Several of the parties expected to be named as defendants have already begun discussions with regulators to head off an expensive antitrust court battle, the newspaper reported, citing sources familiar with the matter. Such a settlement would likely have a ripple effect for the industry, however not every publisher is engaged in the settlement discussions, they cautioned.

Apple did not immediately respond to a request for comment.

The publishers expected to be named in the lawsuit are HarperCollins Publishers, Hachette Book Group, Macmillan Publishers, Penguin Group, and Simon & Schuster "colluded to increase prices" on popular books. (Simon & Schuster is owned by CBS. CNET News is published by CBS Interactive, a unit of CBS.)

The action is apparently based on changes made to how publishers charge for e-books when Apple released the first iPad two years ago. Book publishers began using an "agency model" in which publishers set their own e-book prices, rather than the traditional wholesale model in which publishers set a retail price and retailers set their own sales price.
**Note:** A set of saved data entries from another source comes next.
lemma matrix_unit_system_factor:
  fixes e :: "nat \<Rightarrow> nat \<Rightarrow> complex mat"
  assumes m: "0 < m" and n: "0 < n"
    and e: "\<And>i j. i < m \<Longrightarrow> j < n \<Longrightarrow> e i j \<in> carrier_mat r s"
    and rel: "\<And>i j p q u v. i < m \<Longrightarrow> p < m \<Longrightarrow> u < m \<Longrightarrow> j < n \<Longrightarrow> q < n \<Longrightarrow> v < n \<Longrightarrow>
      e i j * mat_adjoint (e p q) * e u v = (if j = q \<and> p = u then e i v else 0\<^sub>m r s)"
  obtains k F G where "orthogonal_isometries r k m F" "orthogonal_isometries s k n G"
    "\<And>i j. i < m \<Longrightarrow> j < n \<Longrightarrow> e i j = F i * mat_adjoint (G j)"
proof -
  have "e 0 0 * mat_adjoint (e 0 0) * e 0 0 = e 0 0"
    using rel[of 0 0 0 0 0 0] m n by simp
  then obtain k W where "isometry_mat r k W" "W * mat_adjoint W = e 0 0 * mat_adjoint (e 0 0)"
    using partial_isometry_range_isometry e m n by blast
  from matrix_unit_system_left_isometries[OF m n e rel this]
    matrix_unit_system_right_isometries[OF m n e rel this]
    matrix_unit_system_factorization[OF m n e rel this]
  show ?thesis
    using that by blast
qed
(* Let $(F_{\mathfrak A},\phi_{\mathfrak A,\mathfrak B})$ be an $S_n$-equivariant strict system of sheaves on $X^n$. Then $d_{n,k-1}\circ d_{n,k}=0$ for all $k$.
   Context: $X$ is a complex quasi-projective scheme with a torus $\mathbb T$-action; "sheaf" means $\mathbb T$-equivariant, cohomologically $\mathbb Z/2$-graded coherent sheaf. $[n]=\{1,\dots,n\}$; subsets of $[n]$ carry the binary total order ($A\le B$ iff $\sum_{i\in A}2^i\le\sum_{i\in B}2^i$). Strict system: set partitions of $[n]$ are ordered by refinement; for a set partition $\mathfrak D$, $(X^n)_{\mathfrak D}=\{(x_i):x_i=x_j\iff i,j\text{ in the same block of }\mathfrak D\}$; $\mathfrak A\cap\mathfrak B$ is the partition into nonempty intersections of blocks; $U_{\mathfrak A,\mathfrak B}=\bigcup\{(X^n)_{\mathfrak D}:\mathfrak A\cap\mathfrak D=\mathfrak B\cap\mathfrak D\}$. The system consists of sheaves $F_{\mathfrak A}$ on $X^n$ and homomorphisms $\phi_{\mathfrak A,\mathfrak B}:F_{\mathfrak A}\to F_{\mathfrak B}$ for $\mathfrak A\le\mathfrak B$ with $\phi_{\mathfrak B,\mathfrak C}\phi_{\mathfrak A,\mathfrak B}=\phi_{\mathfrak A,\mathfrak C}$, $\phi_{\mathfrak A,\mathfrak A}=\mathrm{id}$, $\phi_{\mathfrak A,\mathfrak B}|_{U_{\mathfrak A,\mathfrak B}}$ an isomorphism, together with compatible $S_n$-equivariance isomorphisms $(\sigma_X^{-1})^*F_{\mathfrak A}\cong F_{\sigma^{-1}\mathfrak A}$. Index trees: an index tree of order $n$ is a rooted tree whose nodes are leaves or have at least two children, with subsets $L_v\subseteq[n]$ at the leaves forming a set partition of $[n]$; for non-leaf $v$, $L_v$ is the union of the labels of leaves below $v$; trees are identified with $L(T)=\{L_v\}$. $\mathfrak A(T)$ is the set of leaf labels, $P(T)$ the set of non-leaf labels, $F_T=F_{\mathfrak A(T)}$, $\mathcal T_{n,k}$ the set of index trees with $k$ non-leaf nodes, and $G_{n,k}=\bigoplus_{T\in\mathcal T_{n,k}}F_T$. Contractions: for a non-leaf, non-root node $v$, $O(T,v)$ deletes $v$ and attaches its children to its parent (labels unchanged). A node is exceptional if it is not a leaf and all its children are leaves; for exceptional $v$, $E(T,v)$ deletes all children of $v$. For a non-leaf node $v$, $s(v)=(-1)^l$ with $l$ the number of $L\in P(T)$ with $L<L_v$. Define $o(T,v)=s(v)\,\mathrm{id}:F_T\to F_{O(T,v)}$ (note $\mathfrak A(O(T,v))=\mathfrak A(T)$) and $e(T,v)=-s(v)\phi_{\mathfrak A(T),\mathfrak A(E(T,v))}:F_T\to F_{E(T,v)}$. The map $d_{n,k}:G_{n,k}\to G_{n,k-1}$ is the sum of all $o(T,v)$ (over $T\in\mathcal T_{n,k}$, $v$ non-leaf non-root) and all $e(T,v)$ (over $T\in\mathcal T_{n,k}$, $v$ exceptional). *)

theory Defs
  imports Main
begin

definition set_partition :: "nat \<Rightarrow> nat set set \<Rightarrow> bool" where
  "set_partition n A \<longleftrightarrow> (\<forall>B\<in>A. B \<noteq> {} \<and> B \<subseteq> {1..n})
     \<and> (\<forall>B\<in>A. \<forall>C\<in>A. B \<noteq> C \<longrightarrow> B \<inter> C = {}) \<and> \<Union>A = {1..n}"

definition refines :: "nat set set \<Rightarrow> nat set set \<Rightarrow> bool" where
  "refines A B \<longleftrightarrow> (\<forall>a\<in>A. \<exists>b\<in>B. a \<subseteq> b)"

(* binary total order on subsets *)
definition bin :: "nat set \<Rightarrow> nat" where
  "bin S = (\<Sum>i\<in>S. 2 ^ i)"

(* An index tree is identified with its label set L(T). *)
definition leaves :: "nat set set \<Rightarrow> nat set set" where
  "leaves T = {S\<in>T. \<not> (\<exists>C\<in>T. C \<subset> S)}"

definition nonleaves :: "nat set set \<Rightarrow> nat set set" where
  "nonleaves T = T - leaves T"

definition index_tree :: "nat \<Rightarrow> nat set set \<Rightarrow> bool" where
  "index_tree n T \<longleftrightarrow> T \<subseteq> Pow {1..n} \<and> {1..n} \<in> T \<and> (\<forall>S\<in>T. S \<noteq> {})
     \<and> (\<forall>S\<in>T. \<forall>S'\<in>T. S \<subseteq> S' \<or> S' \<subseteq> S \<or> S \<inter> S' = {})
     \<and> set_partition n (leaves T)"

(* \<T>_{n,k}; empty for negative k *)
definition trees :: "nat \<Rightarrow> int \<Rightarrow> nat set set set" where
  "trees n k = {T. index_tree n T \<and> int (card (nonleaves T)) = k}"

(* exponent l of s(v) = (-1)^l *)
definition sexp :: "nat set set \<Rightarrow> nat set \<Rightarrow> nat" where
  "sexp T S = card {L\<in>nonleaves T. bin L < bin S}"

definition exceptional :: "nat set set \<Rightarrow> nat set \<Rightarrow> bool" where
  "exceptional T S \<longleftrightarrow> S \<in> nonleaves T \<and> (\<forall>C\<in>T. C \<subset> S \<longrightarrow> C \<in> leaves T)"

(* O(T,v): delete the node v, children reattached to parent *)
definition contrO :: "nat set set \<Rightarrow> nat set \<Rightarrow> nat set set" where
  "contrO T S = T - {S}"

(* E(T,v): delete all children of the exceptional node v *)
definition contrE :: "nat set set \<Rightarrow> nat set \<Rightarrow> nat set set" where
  "contrE T S = T - {C\<in>T. C \<subset> S}"

definition sgn_act :: "nat \<Rightarrow> 'a::ab_group_add \<Rightarrow> 'a" where
  "sgn_act l x = (if even l then x else - x)"

(* Elements of G_{n,k} = \<Oplus>_{T\<in>\<T>_{n,k}} F_T are tree-indexed families *)
definition in_G :: "(nat set set \<Rightarrow> 'a::ab_group_add set) \<Rightarrow> nat \<Rightarrow> int
     \<Rightarrow> (nat set set \<Rightarrow> 'a) \<Rightarrow> bool" where
  "in_G F n k x \<longleftrightarrow> (\<forall>T. (T \<in> trees n k \<longrightarrow> x T \<in> F (leaves T)) \<and> (T \<notin> trees n k \<longrightarrow> x T = 0))"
The pricing model materialized in 2010 after book publishers asked Amazon to increase the price of e-books on its Web site, but Amazon stood firm in its contention that anything above $9.99 was too high. Amazon eventually relented after many popular Macmillan titles disappeared from the e-tailer's site.

A lawsuit objecting to the pricing model was filed against Apple and the publishers last year. The plaintiffs alleged that they paid higher prices for their book purchases as a result of the agency model.